Reference environments

Enable with --features envs:

ember-rl = { version = "0.3", features = ["envs"] }
Environment Description
CartPole-v1 Classic balance task matching the Gymnasium spec

Dashboard

ember-rl ships an ember-dashboard binary for browsing training runs. It reads the train_episodes.jsonl files written by TrainingRun and serves live-updating charts — no changes to your training code required.

# Browse runs/ in the current directory
cargo run --bin ember-dashboard --features dashboard

# Browse a specific directory
cargo run --bin ember-dashboard --features dashboard -- --dir path/to/runs

# Install globally
cargo install ember-rl --features dashboard
ember-dashboard
ember-dashboard --dir path/to/runs

Open http://localhost:6006 in a browser.

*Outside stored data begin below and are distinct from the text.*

(* Let $c\in\mathbb{N}$ and $I=\mathbb{N}\times[c]$. Then every $\mathrm{Sym}$-invariant lattice $L\subseteq\mathbb{Z}^{(I)}$ has a finite equivariant Graver basis, i.e. there is a finite set $\mathcal{G}\subseteq L$ such that $\mathrm{Sym}(\mathcal{G})=\{\sigma(\mathbf{u})\mid\sigma\in\mathrm{Sym},\mathbf{u}\in\mathcal{G}\}$ is the Graver basis of $L$.
   Context: $\mathbb{N}=\{1,2,\dots\}$, $[c]=\{1,\dots,c\}$. For a set $J$, $\mathbb{Z}^{(J)}$ is the free abelian group with basis $J$, i.e. finitely supported integer vectors $\mathbf{u}=(u_j)_{j\in J}$; a lattice is any subgroup of $\mathbb{Z}^{(J)}$. Define the partial order $\mathbf{u}\sqsubseteq\mathbf{v}$ iff $u_jv_j\ge0$ and $|u_j|\le|v_j|$ for all $j\in J$. The Graver basis of a lattice $L$ is the set of all $\sqsubseteq$-minimal elements of $L\setminus\{\mathbf{0}\}$. $\mathrm{Sym}$ denotes the group of permutations of $\mathbb{N}$ fixing all but finitely many elements. It acts on $\mathbb{Z}^{(\mathbb{N}\times[c])}$ by the linear extension of $\sigma(\mathbf{e}_{i,j})=\mathbf{e}_{\sigma(i),j}$, where $\mathbf{e}_{i,j}$ are the standard basis vectors. A lattice $L$ is $\mathrm{Sym}$-invariant if $\sigma(L)\subseteq L$ for all $\sigma\in\mathrm{Sym}$. *)

theory Defs
  imports Main
begin

text \<open>Index set I = N x [c] with N = {1,2,...}; integer vectors are functions
  nat \<times> nat \<Rightarrow> int; Z^(I) = finitely supported ones with support inside I.\<close>

definition idx :: "nat \<Rightarrow> (nat \<times> nat) set" where
  "idx c = {(i, j). 1 \<le> i \<and> 1 \<le> j \<and> j \<le> c}"

definition ZI :: "nat \<Rightarrow> (nat \<times> nat \<Rightarrow> int) set" where
  "ZI c = {u. finite {x. u x \<noteq> 0} \<and> {x. u x \<noteq> 0} \<subseteq> idx c}"

definition is_lattice :: "nat \<Rightarrow> (nat \<times> nat \<Rightarrow> int) set \<Rightarrow> bool" where
  "is_lattice c L \<longleftrightarrow> L \<subseteq> ZI c \<and> (\<lambda>_. 0) \<in> L \<and>
     (\<forall>u\<in>L. \<forall>v\<in>L. (\<lambda>x. u x + v x) \<in> L) \<and> (\<forall>u\<in>L. (\<lambda>x. - u x) \<in> L)"

text \<open>Sym: permutations of N = {1,2,...} fixing all but finitely many elements
  (represented as bijections of nat fixing 0).\<close>
definition Sym :: "(nat \<Rightarrow> nat) set" where
  "Sym = {\<sigma>. bij \<sigma> \<and> \<sigma> 0 = 0 \<and> finite {i. \<sigma> i \<noteq> i}}"

text \<open>Action: linear extension of sigma(e_(i,j)) = e_(sigma i, j), i.e.
  (sigma u)(i,j) = u(sigma^-1 i, j).\<close>
definition perm_act :: "(nat \<Rightarrow> nat) \<Rightarrow> (nat \<times> nat \<Rightarrow> int) \<Rightarrow> (nat \<times> nat \<Rightarrow> int)" where
  "perm_act \<sigma> u = (\<lambda>(i, j). u (inv \<sigma> i, j))"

The dashboard auto-refreshes every 2 seconds and shows a pulsing indicator next to any run that is actively being trained. Use the run selector to switch between runs.

Charts shown: episode reward, episode length, exploration rate (ε), and loss.

Examples

Example Algorithm Notes
cartpole_dqn DQN Train + eval CartPole-v1, checkpoint resume
cartpole_ppo PPO Train CartPole-v1 with TrainingSession

Algorithm notes

Detailed hyperparameter references and implementation notes:

Development

This crate was developed with the assistance of AI coding tools (Claude by Anthropic).

License

Licensed under either of Apache License, Version 2.0 or MIT License at your option.